Under the alternative the treatment group has a lower hazard. The same design and the same boundaries now estimate the power.
df_alt <- simdata_fast(
nsim = nsim,
n = c(350, 350),
a.time = c(0, 12),
a.rate = 700 / 12,
e.hazard = list(0.05, 0.035),
seed = 202
)
res_alt <- analysis_fast(
df_alt, control = 1,
event.looks = event_looks,
stat = "logrank", side = 1
)
sum_alt <- simsummary_fast(
res_alt,
eff.col = "logrank.z",
efficacy = -z_bounds,
direction = "lower"
)
sum_alt
#> Group-Sequential Operating Characteristics (simsummary_fast)
#> Simulations: 2000
#> Boundaries: efficacy on 'logrank.z' (direction = lower)
#>
#> Stopping Boundaries: Look by Look
#> Look Info.

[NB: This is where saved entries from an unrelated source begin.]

(* In the linear setting of the context, for all $\lambda>0$, $\sigma\in(0,1)$, $\theta\ge0$ and all $t\in[0,t_\infty)$, $$\eta(t)+\theta\big(\sigma x(t)^\top Qx(t)-2x(t)^\top PBKe(t^-)\big)\ge0\quad\text{and}\quad\eta(t)\ge0.$$ Moreover, for given $t_i$, $x(t_i)$ and $\eta(t_i)\ge0$, the next execution time given by the static rule $t^s_{i+1}=\inf\{t>t_i:\ \sigma x(t)^\top Qx(t)-2x(t)^\top PBKe(t^-)\le0\}$ is at most the next execution time $t^d_{i+1}$ given by the dynamic rule.
   Context: Consider $\dot x=Ax+Bu$, $x\in\mathbb{R}^n$, $u\in\mathbb{R}^m$, and a gain $K$ such that $A+BK$ is Hurwitz; let $P,Q$ be symmetric positive definite with $(A+BK)^\top P+P(A+BK)=-Q$, and $V(x)=x^\top Px$. The input is $u(t)=Kx(t_i)$ for $t\in[t_i,t_{i+1})$, with $e(t)=x(t_i)-x(t)$, so $\dot x=Ax+BK(x+e)$. $t_\infty=\lim t_i$ if infinitely many executions, else $+\infty$; $g(t^-)$ is the left limit. Dynamic event generator with parameters $\sigma\in(0,1)$, $\lambda>0$, $\theta\ge0$: $\dot\eta=-\lambda\eta+\sigma x^\top Qx-2x^\top PBKe$, $\eta(0)=0$ (resp. from $\eta(t_i)$ after $t_i$); $t_0=0$, $t_{i+1}=\inf\{t>t_i:\ \eta(t)+\theta(\sigma x(t)^\top Qx(t)-2x(t)^\top PBKe(t^-))\le0\}$. Assume $x(t_i)\ne0$ for all $i$. *)

theory Defs
  imports "HOL-Analysis.Analysis"
begin

definition quad :: "real^'n^'n \<Rightarrow> real^'n \<Rightarrow> real" where
  "quad M x = x \<bullet> (M *v x)"

definition sym_mat :: "real^'n^'n \<Rightarrow> bool" where
  "sym_mat M \<longleftrightarrow> transpose M = M"

definition pos_def :: "real^'n^'n \<Rightarrow> bool" where
  "pos_def M \<longleftrightarrow> sym_mat M \<and> (\<forall>x. x \<noteq> 0 \<longrightarrow> quad M x > 0)"

definition complexify :: "real^'n^'n \<Rightarrow> complex^'n^'n" where
  "complexify M = (\<chi> i j. complex_of_real (M $ i $ j))"
(* Let $c\in\mathbb{R}$ and let $Z=(U,V,W)\in H^1(\mathbb{R})^3$ (a function of $x$ only) satisfy, for all $\phi\in\mathcal{C}_0^\infty(\mathbb{R}^+\times\mathbb{R})$, $$\langle -cU,(1-\partial_x^2)\phi_x\rangle+\langle U_x(V+W),\phi_{xx}\rangle-\tfrac12\langle U^2,\phi_{xxx}\rangle+\langle \tfrac32U^2+\tfrac12U_x^2+U(V+W)+U_x(V+W)_x+\tfrac12(V^2+W^2-V_x^2-W_x^2),\phi_x\rangle=0,$$ $$\langle -cV,(1-\partial_x^2)\phi_x\rangle+\langle V_x(U+W),\phi_{xx}\rangle-\tfrac12\langle V^2,\phi_{xxx}\rangle+\langle \tfrac32V^2+\tfrac12V_x^2+V(U+W)+V_x(U+W)_x+\tfrac12(U^2+W^2-U_x^2-W_x^2),\phi_x\rangle=0,$$ $$\langle -cW,(1-\partial_x^2)\phi_x\rangle+\langle W_x(U+V),\phi_{xx}\rangle-\tfrac12\langle W^2,\phi_{xxx}\rangle+\langle \tfrac32W^2+\tfrac12W_x^2+W(U+V)+W_x(U+V)_x+\tfrac12(U^2+V^2-U_x^2-V_x^2),\phi_x\rangle=0.$$ Then for any fixed $t_0\in\mathbb{R}^+$, the function $z(t,x)=Z(x-c(t-t_0))$ is a weak solution of the three-component Camassa--Holm system.
   Context: $\langle F,\phi\rangle=\int_{\mathbb{R}^+}\int_{\mathbb{R}}F(t,x)\phi(t,x)\,dx\,dt$ denotes the distributional pairing in $(t,x)$. Let $\mathcal{N}=\mathcal{C}(\mathbb{R}^+;H^1(\mathbb{R})^3)$. A function $z=(u,v,w)\in\mathcal{N}$ is a weak solution of the three-component Camassa--Holm system if for all $\phi\in\mathcal{C}_0^\infty(\mathbb{R}^+\times\mathbb{R})$: $\langle u,(1-\partial_x^2)\phi_t\rangle+\langle u_x(v+w),\phi_{xx}\rangle-\frac12\langle u^2,\phi_{xxx}\rangle+\langle\frac32u^2+\frac12u_x^2+u(v+w)+u_x(v+w)_x+\frac12(v^2+w^2-v_x^2-w_x^2),\phi_x\rangle=0$, $\langle v,(1-\partial_x^2)\phi_t\rangle+\langle v_x(u+w),\phi_{xx}\rangle-\frac12\langle v^2,\phi_{xxx}\rangle+\langle\frac32v^2+\frac12v_x^2+v(u+w)+v_x(u+w)_x+\frac12(u^2+w^2-u_x^2-w_x^2),\phi_x\rangle=0$, $\langle w,(1-\partial_x^2)\phi_t\rangle+\langle w_x(u+v),\phi_{xx}\rangle-\frac12\langle w^2,\phi_{xxx}\rangle+\langle\frac32w^2+\frac12w_x^2+w(u+v)+w_x(u+v)_x+\frac12(u^2+v^2-u_x^2-v_x^2),\phi_x\rangle=0$. (This is the weak form of $m_t-m_xu+2mu_x+(mv+mw)_x+nv_x+lw_x=0$ and its two cyclic analogues, with $m=u-u_{xx}$, $n=v-v_{xx}$, $l=w-w_{xx}$.) *)

theory Defs
  imports "HOL-Analysis.Analysis"
begin

definition pdt :: "(real \<times> real \<Rightarrow> real) \<Rightarrow> real \<times> real \<Rightarrow> real" where
  "pdt f = (\<lambda>p. deriv (\<lambda>s. f (s, snd p)) (fst p))"
(* Let $q$ be a prime power. Let $P_1,\dots,P_n$ be distinct closed points of $\mathbb{P}^2_{\mathbb{F}_q}$ and $L_1,\dots,L_n$ lines defined over $\mathbb{F}_q$ (possibly with repetition) with $P_i\in L_i$ for each $i$. Let $Q_1,\dots,Q_s$ be distinct $\mathbb{F}_q$-points of $\mathbb{P}^2$ such that no $Q_j$ lies on any $L_i$. Then for all sufficiently large $d$, \[ \mu_d\left(\bigcap_{i=1}^n\mathcal{T}_{L_i,P_i}\cap\bigcap_{j=1}^s\mathcal{S}_{Q_j}\right)=q^{-3s-\sum_{i=1}^n 2\deg(P_i)}, \] and consequently the natural density of this intersection exists and equals the same value.
   Context: Let $R=\mathbb{F}_q[x,y,z]$, $R_d$ the homogeneous polynomials of degree $d$ (including $0$), $R_{\mathrm{homog}}=\bigcup_{d\ge1}R_d$, $\mu_d(\mathcal{A})=\#(\mathcal{A}\cap R_d)/\#R_d$, $\mu(\mathcal{A})=\lim_d\mu_d(\mathcal{A})$. For a closed point $P$, $\deg(P)$ is the degree of its residue field over $\mathbb{F}_q$, and $\mathfrak{m}_P$ is the homogeneous ideal of polynomials vanishing at $P$. For an $\mathbb{F}_q$-point $Q$, $\mathcal{S}_Q=\{f\in R_{\mathrm{homog}}: \{f=0\}\text{ is singular at }Q\}$, i.e. $f\in\mathfrak{m}_Q^2$. For an $\mathbb{F}_q$-line $L$ and a closed point $P\in L$, $\mathcal{T}_{L,P}=\{f\in R_{\mathrm{homog}}:\{f=0\}\text{ is tangent to }L\text{ at }P\}$, where "tangent to $L$ at $P$" means the restriction of $f$ to $L$ vanishes to order at least $2$ at $P$ (this includes the case that the curve is singular at $P$). *)

theory Defs
  imports Complex_Main "HOL-Computational_Algebra.Polynomial"
begin

type_synonym 'k vec3 = "'k \<times> 'k \<times> 'k"
type_synonym mono3 = "nat \<times> nat \<times> nat"

definition mons3 :: "nat \<Rightarrow> mono3 set" where
  "mons3 d = {(a,b,c). a + b + c = d}"

definition hom_polys :: "'k::field set \<Rightarrow> nat \<Rightarrow> (mono3 \<Rightarrow> 'k) set" where
  "hom_polys F d = {f. (\<forall>m. f m \<in> F) \<and> (\<forall>m. m \<notin> mons3 d \<longrightarrow> f m = 0)}"

definition is_subfield :: "'k::field set \<Rightarrow> bool" where
  "is_subfield F \<longleftrightarrow> 0 \<in> F \<and> 1 \<in> F \<and> (\<forall>x\<in>F. \<forall>y\<in>F. x + y \<in> F \<and> x * y \<in> F)
     \<and> (\<forall>x\<in>F. - x \<in> F \<and> inverse x \<in> F)"

definition alg_closed :: "'k::field itself \<Rightarrow> bool" where
  "alg_closed _ \<longleftrightarrow> (\<forall>p :: 'k poly. degree p > 0 \<longrightarrow> (\<exists>x. poly p x = 0))"

definition Fvec :: "'k::field set \<Rightarrow> 'k vec3 \<Rightarrow> bool" where
  "Fvec F v \<longleftrightarrow> fst v \<in> F \<and> fst (snd v) \<in> F \<and> snd (snd v) \<in> F"

definition scale3 :: "'k::field \<Rightarrow> 'k vec3 \<Rightarrow> 'k vec3" where
  "scale3 c v = (c * fst v, c * fst (snd v), c * snd (snd v))"

definition dot3 :: "'k::field vec3 \<Rightarrow> 'k vec3 \<Rightarrow> 'k" where
  "dot3 u v = fst u * fst v + fst (snd u) * fst (snd v) + snd (snd u) * snd (snd v)"

definition proportional :: "'k::field vec3 \<Rightarrow> 'k vec3 \<Rightarrow> bool" where
  "proportional u v \<longleftrightarrow> (\<exists>c. c \<noteq> 0 \<and> v = scale3 c u)"

(* The geometric point (line through v) determined by a nonzero vector. *)
definition ppt :: "'k::field vec3 \<Rightarrow> 'k vec3 set" where
  "ppt v = {scale3 c v | c. c \<noteq> 0}"

definition frobv :: "nat \<Rightarrow> 'k::field vec3 \<Rightarrow> 'k vec3" where
  "frobv q v = (fst v ^ q, fst (snd v) ^ q, snd (snd v) ^ q)"

(* v represents a closed point of P^2 over F_q: nonzero, with finite Frobenius orbit. *)
definition closed_rep :: "nat \<Rightarrow> 'k::field vec3 \<Rightarrow> bool" where
  "closed_rep q v \<longleftrightarrow> v \<noteq> (0,0,0) \<and> (\<exists>e>0. proportional v ((frobv q ^^ e) v))"

(* The closed point determined by v: the Frobenius orbit of geometric points. *)
definition cpt :: "nat \<Rightarrow> 'k::field vec3 \<Rightarrow> 'k vec3 set set" where
  "cpt q v = {ppt ((frobv q ^^ i) v) | i. True}"

definition cdeg :: "nat \<Rightarrow> 'k::field vec3 \<Rightarrow> nat" where
  "cdeg q v = card (cpt q v)"

(* Restriction of f to the affine line t \<mapsto> p + t w, as a polynomial in t. *)
definition line_restr :: "nat \<Rightarrow> (mono3 \<Rightarrow> 'k::field) \<Rightarrow> 'k vec3 \<Rightarrow> 'k vec3 \<Rightarrow> 'k poly" where
  "line_restr d f p w = (\<Sum>m\<in>mons3 d. [:f m:] * [:fst p, fst w:] ^ fst m
      * [:fst (snd p), fst (snd w):] ^ fst (snd m) * [:snd (snd p), snd (snd w):] ^ snd (snd m))"
lemma avoid_dom_unitary_map: "unitary_map U \<Longrightarrow> U q \<in> avoid_dom (U z) \<longleftrightarrow> q \<in> avoid_dom z"
  by (simp add: avoid_dom_def proj_perp_unitary_map unitary_map_eq_0_iff unitary_map_norm)

definition householder :: "complex^'n \<Rightarrow> complex^'n \<Rightarrow> complex^'n" where
  "householder w x = x - (2 * herm x w) *s w"

lemma unitary_map_householder:
  fixes w :: "complex^'n"
  assumes "herm w w = 1"
  shows "unitary_map (householder w)"
  unfolding unitary_map_def
proof (intro conjI allI)
  fix x y :: "complex^'n"
  show "herm (householder w x) (householder w y) = herm x y"
    by (simp add: householder_def herm_simps assms herm_commute[of w y] algebra_simps)
  show "householder w (x + y) = householder w x + householder w y"
    by (simp add: householder_def herm_simps vec_eq_iff algebra_simps)
next
  fix c and x :: "complex^'n"
  show "householder w (c *s x) = c *s householder w x"
    by (simp add: householder_def herm_simps vec_eq_iff algebra_simps)
qed

lemma householder_eq_diff:
  fixes a d :: "complex^'n"
  assumes "d \<noteq> 0" and hdd: "herm d d = 2 * herm a d"
  shows "householder (complex_of_real (1 / norm d) *s d) a = a - d"
proof -
  have "herm a d \<noteq> 0"
    using assms by (metis herm_self_eq_0_iff mult_zero_right)
  then have "2 * herm a d / herm d d = 1"
    using hdd by simp
  moreover have "2 * herm a (complex_of_real (1 / norm d) *s d) * complex_of_real (1 / norm d)
      = 2 * herm a d / herm d d"
    using \<open>d \<noteq> 0\<close> by (simp add: herm_smult_right herm_self[of d] power2_eq_square field_simps)
  ultimately show ?thesis
    by (simp add: householder_def vec_eq_iff mult.assoc[symmetric])
qed

lemma unitary_map_onto_phase_multiple:
  fixes a b :: "complex^'n"
  assumes a: "herm a a = 1" and b: "herm b b = 1"
  obtains U l where "unitary_map U" "cmod l = 1" "U a = l *s b"
    "\<And>c. herm c a = 0 \<Longrightarrow> herm c b = 0 \<Longrightarrow> U c = c"
proof -
  define h where "h = herm a b"
  \<comment> \<open>the phase \<open>l\<close> makes \<open>herm a (l b)\<close> real, so the reflection in \<open>d = a - l b\<close> swaps \<open>a\<close> and \<open>l b\<close>\<close>
  define l where "l = (if h = 0 then 1 else h / complex_of_real (cmod h))"
  define d where "d = a - l *s b"
  have l1: "cmod l = 1"
    by (simp add: l_def norm_divide)
  have l_h: "cnj l * h = complex_of_real (cmod h)"
    by (cases "h = 0") (simp_all add: l_def complex_norm_square[symmetric] power2_eq_square field_simps)
  show ?thesis
  proof (cases "d = 0")
    case True
    show ?thesis
      by (rule that[of id l]) (use True l1 in \<open>simp_all add: unitary_map_def d_def\<close>)
  next
    case False
    have "l * cnj l = 1"
      using l1 by (simp add: complex_norm_square[symmetric])
    moreover have "l * cnj h = complex_of_real (cmod h)"
      using arg_cong[OF l_h, of cnj] by (simp add: mult.commute)
    ultimately have "herm d d = 2 * herm a d"
      using l_h by (simp add: d_def herm_simps a b herm_commute[of b a] h_def[symmetric] algebra_simps)
    then have "householder w a = l *s b" if "w = complex_of_real (1 / norm d) *s d" for w
      using householder_eq_diff[OF False] that by (simp add: d_def)
    moreover have "householder (complex_of_real (1 / norm d) *s d) c = c"
      if "herm c a = 0" "herm c b = 0" for c
      using that by (simp add: householder_def d_def herm_simps)
    ultimately show ?thesis
      using that[OF unitary_map_householder[OF herm_self_normalize[OF False]] l1] by blast
  qed
qed

section \<open>Lebesgue measure\<close>

lemma nn_integral_indicator_translate_lborel:
  fixes c :: "'a::euclidean_space"
  assumes "C \<in> sets borel"
  shows "(\<integral>\<^sup>+y. indicator C (c + y) \<partial>lborel) = emeasure lborel C"
  using nn_integral_distr[of "(+) c" lborel borel "indicator C"] assms by (simp add: lborel_distr_plus)

lemma emeasure_mult_lborel_translation_invariant:
  fixes M :: "'a::euclidean_space measure"
  assumes sets_M: "sets M = sets borel" and "sigma_finite_measure M"
    and translation: "\<And>c. distr M borel ((+) c) = M"
    and A [measurable]: "A \<in> sets borel" and A_symmetric: "\<And>x. x \<in> A \<Longrightarrow> -x \<in> A"
    and B [measurable]: "B \<in> sets borel"
  shows "emeasure M A * emeasure lborel B = emeasure lborel A * emeasure M B"
proof -
  interpret M: sigma_finite_measure M by fact
  interpret P: pair_sigma_finite M lborel ..
  have [measurable_cong]: "sets M = sets borel"
    by (rule sets_M)
  have M_translate: "(\<integral>\<^sup>+t. f (t - y) t \<partial>M) = (\<integral>\<^sup>+x. f x (x + y) \<partial>M)"
    if [measurable]: "case_prod f \<in> borel_measurable (borel \<Otimes>\<^sub>M borel)" for f y
    by (subst translation[of y, symmetric]) (simp add: nn_integral_distr add.commute)
  have "emeasure M A * emeasure lborel B
      = (\<integral>\<^sup>+x. (\<integral>\<^sup>+y. indicator A x * indicator B (x + y) \<partial>lborel) \<partial>M)"
    using sets_M by (simp add: nn_integral_cmult nn_integral_indicator_translate_lborel nn_integral_multc)
  also have "\<dots> = (\<integral>\<^sup>+y. (\<integral>\<^sup>+x. indicator A x * indicator B (x + y) \<partial>M) \<partial>lborel)"
    by (rule P.Fubini'[symmetric]) measurable
  also have "\<dots> = (\<integral>\<^sup>+y. (\<integral>\<^sup>+t. indicator A (t - y) * indicator B t \<partial>M) \<partial>lborel)"
    by (simp add: M_translate[where f = "\<lambda>x t. indicator A x * indicator B t"])
  also have "\<dots> = (\<integral>\<^sup>+t. (\<integral>\<^sup>+y. indicator A (t - y) * indicator B t \<partial>lborel) \<partial>M)"
    by (rule P.Fubini') measurable
  also have "\<dots> = (\<integral>\<^sup>+t. indicator B t * emeasure lborel A \<partial>M)"
  proof (rule nn_integral_cong)
    fix t
    have "indicator A (t - y) = (indicator A (-t + y) :: ennreal)" for y
      using A_symmetric[of "t - y"] A_symmetric[of "-t + y"] by (auto simp: indicator_def)
    moreover have "(\<lambda>y. indicator A (y - t) :: ennreal) \<in> borel_measurable lborel"
      by measurable
    ultimately have "(\<integral>\<^sup>+y. indicator A (t - y) * indicator B t \<partial>lborel)
        = (\<integral>\<^sup>+y. indicator A (y - t) \<partial>lborel) * indicator B t"
      by (simp add: nn_integral_multc)
    then show "(\<integral>\<^sup>+y. indicator A (t - y) * indicator B t \<partial>lborel) = indicator B t * emeasure lborel A"
      using nn_integral_indicator_translate_lborel[OF A, of "-t"] by (simp add: mult.commute)
  qed
  also have "\<dots> = emeasure lborel A * emeasure M B"
    using sets_M by (simp add: nn_integral_multc mult.commute)
  finally show ?thesis .
qed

Frac. Events (s) Sample (n) Efficacy Z Cum. Cross. Eff.
#> 1 0.33 100.0 559.6 -3.7103 0.0240
#> 2 0.67 200.0 700.0 -2.5114 0.5005
#> 3 1.00 300.0 700.0 -1.9930 0.8645
#>
#> Events, Sample Size, Dropouts, Pipeline and Analysis Times: Look by Look
#> Look Info. Frac. Sample (n) Events (s) Dropouts (d) Pipeline Analysis Time
#> 1 0.33 559.6 100.0 0.0 459.6 9.59
#> 2 0.67 700.0 200.0 0.0 500.0 14.21
#> 3 1.00 700.0 300.0 0.0 400.0 19.53
#> Cross. Eff.
#> 0.0240
#> 0.4765
#> 0.3640
#>
#> Overall
#> Rejection rate (efficacy): 0.8645
#> Expected events at stop: 247.6
#> Expected sample size at stop: 696.9
#> Expected analysis time at stop:16.74For a closed-form reference, recompute the design at the alternative effect size and read off the cumulative crossing probabilities at each look, then put them next to the per-look cumulative rejection from the simulation.
sim_cum <- sum_alt[sum_alt$look != "overall", "cum.reject"]
data.frame(
look = seq_len(k),
simulation = sim_cum,
z.boundary = z_bounds
)
#> look simulation z.boundary
#> 1 1 0.0240 3.710303
#> 2 2 0.5005 2.511427
#> 3 3 0.8645 1.993048The simulated cumulative rejection probabilities track the spending
implied by the boundaries. Small discrepancies are Monte Carlo error and
shrink as nsim increases. The type I error under the null
and the power under the alternative both align with the closed-form
design.
The value of the simulation trio is that nothing in the workflow
assumes proportional hazards. To study a delayed treatment effect,
replace the constant alternative hazard with a piecewise specification
and keep everything else the same. The log-rank statistic loses power
under a delayed effect, and a weighted or max-combo statistic can be
substituted at the analysis_fast() step to recover it.
Because gsDesign cannot evaluate these cases in closed form, the
validated simulation machinery becomes the tool of choice.
O’Brien, P. C., & Fleming, T. R. (1979). A multiple testing procedure for clinical trials. Biometrics, 35(3), 549-556.
Lan, K. K. G., & DeMets, D. L. (1983). Discrete sequential boundaries for clinical trials. Biometrika, 70(3), 659-663.
Karrison, T. G. (2016). Versatile tests for comparing survival curves based on weighted log-rank statistics. The Stata Journal, 16(3), 678-690.
Lin, R. S., Lin, J., Roychoudhury, S., et al. (2020). Alternative analysis methods for time to event endpoints under nonproportional hazards: a comparative analysis. Statistics in Biopharmaceutical Research, 12(2), 187-198.